SOURCE MATERIAL:
lemma eventually_one_plus_coeffs_zero_iff:
  "(\<forall>\<^sub>F n in sequentially. one_plus_coeffs Q n = 0) \<longleftrightarrow> finite_rodset Q"
proof -
  have "(\<forall>\<^sub>F n in sequentially. one_plus_coeffs Q n = 0)
      \<longleftrightarrow> (\<forall>\<^sub>F n in sequentially. one_plus_coeffs Q (Suc (Suc n)) = 0)"
    using eventually_sequentially_Suc[of "\<lambda>n. one_plus_coeffs Q (Suc n) = 0"]
      eventually_sequentially_Suc[of "\<lambda>n. one_plus_coeffs Q n = 0"] by simp
  also have "\<dots> \<longleftrightarrow> (\<forall>\<^sub>F n in sequentially. C (Suc n) Q = 0)"
    by (simp add: one_plus_coeffs_def)
  also have "\<dots> \<longleftrightarrow> (\<forall>\<^sub>F n in sequentially. C n Q = 0)"
    by (rule eventually_sequentially_Suc[of "\<lambda>n. C n Q = 0"])
  finally show ?thesis
    by (simp add: finite_rodset_iff)
qed

lemma lucas_step_two_point_iff:
  assumes R: "\<And>n. C n R = lucas_counts p q n" and "q \<noteq> 0"
    and "0 < a" "a < b" and "shape S \<subseteq> {a, b}"
  shows "(\<exists>Q. is_rodset Q \<and> finite_rodset Q \<and> rod_step R Q S) \<longleftrightarrow>
         C a S * lucas_U p q (b - a) = lucas_U p q b
         \<and> C b S = lucas_U p q (Suc b) - C a S * lucas_U p q (Suc (b - a))"
    (is "_ \<longleftrightarrow> ?coeffs")
proof -
  (* the coefficients of (1 - S)/(1 - R), with the offset of one_plus_coeffs *)
  define w where "w n = lucas_U p q n - C a S * delayed_lucas_U p q a n - C b S * delayed_lucas_U p q b n"
    for n
  have forcing: "C (Suc k) S = (if Suc k = a then C a S else 0) + (if Suc k = b then C b S else 0)" for k
    using assms(4,5) by (auto simp: shape_def)
  have w_rec: "w (Suc (Suc k)) = p * w (Suc k) + q * w k + - C (Suc k) S" for k
    unfolding w_def forcing delayed_lucas_U_rec by (simp add: algebra_simps)
  have w_init: "w 0 = 0" "w 1 = 1"
    using assms(3,4) by (simp_all add: w_def delayed_lucas_U_def)
  have "(\<forall>\<^sub>F n in sequentially. w n = 0) \<longleftrightarrow> w b = 0 \<and> w (Suc b) = 0"
    using \<open>q \<noteq> 0\<close>
    by (rule linear_rec2_eventually_zero_iff[where p = p]) (use assms(4) in \<open>simp add: w_rec forcing\<close>)
  also have "\<dots> \<longleftrightarrow> ?coeffs"
    using assms(4) by (auto simp: w_def delayed_lucas_U_def Suc_diff_le)
  finally have w_eventually_zero: "(\<forall>\<^sub>F n in sequentially. w n = 0) \<longleftrightarrow> ?coeffs" .
  have coeffs_eq: "one_plus_coeffs Q = w" if "is_rodset Q" "rod_step R Q S" for Q
    using w_init w_rec that rod_step_lucas_iff[OF R \<open>is_rodset Q\<close>]
    by (intro linear_rec2_unique[of _ _ p q "\<lambda>k. - C (Suc k) S"]) (simp_all add: one_plus_coeffs_def)
  show ?thesis
  proof
    assume "\<exists>Q. is_rodset Q \<and> finite_rodset Q \<and> rod_step R Q S"
    then show ?coeffs
      using coeffs_eq w_eventually_zero eventually_one_plus_coeffs_zero_iff by blast
  next
    assume ?coeffs
    define Q where "Q = rodset_of (\<lambda>n. if n = 0 then 0 else w (Suc n))"
    have "is_rodset Q"
      by (simp add: Q_def)
    moreover have w_Q: "one_plus_coeffs Q = w"
      using w_init by (auto simp: Q_def one_plus_coeffs_def gr0_conv_Suc)
    moreover have "finite_rodset Q"
      using \<open>?coeffs\<close> w_eventually_zero eventually_one_plus_coeffs_zero_iff[of Q] w_Q by simp
    moreover have "rod_step R Q S"
      using rod_step_lucas_iff[OF R \<open>is_rodset Q\<close>] w_rec w_Q by simp
    ultimately show "\<exists>Q. is_rodset Q \<and> finite_rodset Q \<and> rod_step R Q S"
      by blast
  qed
qed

WORK ITEM:
From the first line of the data above through the line containing "using assms(4,5) by", repeat each line exactly, and add nothing.

WRITTEN RESPONSE:
lemma eventually_one_plus_coeffs_zero_iff:
  "(\<forall>\<^sub>F n in sequentially. one_plus_coeffs Q n = 0) \<longleftrightarrow> finite_rodset Q"
proof -
  have "(\<forall>\<^sub>F n in sequentially. one_plus_coeffs Q n = 0)
      \<longleftrightarrow> (\<forall>\<^sub>F n in sequentially. one_plus_coeffs Q (Suc (Suc n)) = 0)"
    using eventually_sequentially_Suc[of "\<lambda>n. one_plus_coeffs Q (Suc n) = 0"]
      eventually_sequentially_Suc[of "\<lambda>n. one_plus_coeffs Q n = 0"] by simp
  also have "\<dots> \<longleftrightarrow> (\<forall>\<^sub>F n in sequentially. C (Suc n) Q = 0)"
    by (simp add: one_plus_coeffs_def)
  also have "\<dots> \<longleftrightarrow> (\<forall>\<^sub>F n in sequentially. C n Q = 0)"
    by (rule eventually_sequentially_Suc[of "\<lambda>n. C n Q = 0"])
  finally show ?thesis
    by (simp add: finite_rodset_iff)
qed

lemma lucas_step_two_point_iff:
  assumes R: "\<And>n. C n R = lucas_counts p q n" and "q \<noteq> 0"
    and "0 < a" "a < b" and "shape S \<subseteq> {a, b}"
  shows "(\<exists>Q. is_rodset Q \<and> finite_rodset Q \<and> rod_step R Q S) \<longleftrightarrow>
         C a S * lucas_U p q (b - a) = lucas_U p q b
         \<and> C b S = lucas_U p q (Suc b) - C a S * lucas_U p q (Suc (b - a))"
    (is "_ \<longleftrightarrow> ?coeffs")
proof -
  (* the coefficients of (1 - S)/(1 - R), with the offset of one_plus_coeffs *)
  define w where "w n = lucas_U p q n - C a S * delayed_lucas_U p q a n - C b S * delayed_lucas_U p q b n"
    for n
  have forcing: "C (Suc k) S = (if Suc k = a then C a S else 0) + (if Suc k = b then C b S else 0)" for k
    using assms(4,5) by (auto simp: shape_def)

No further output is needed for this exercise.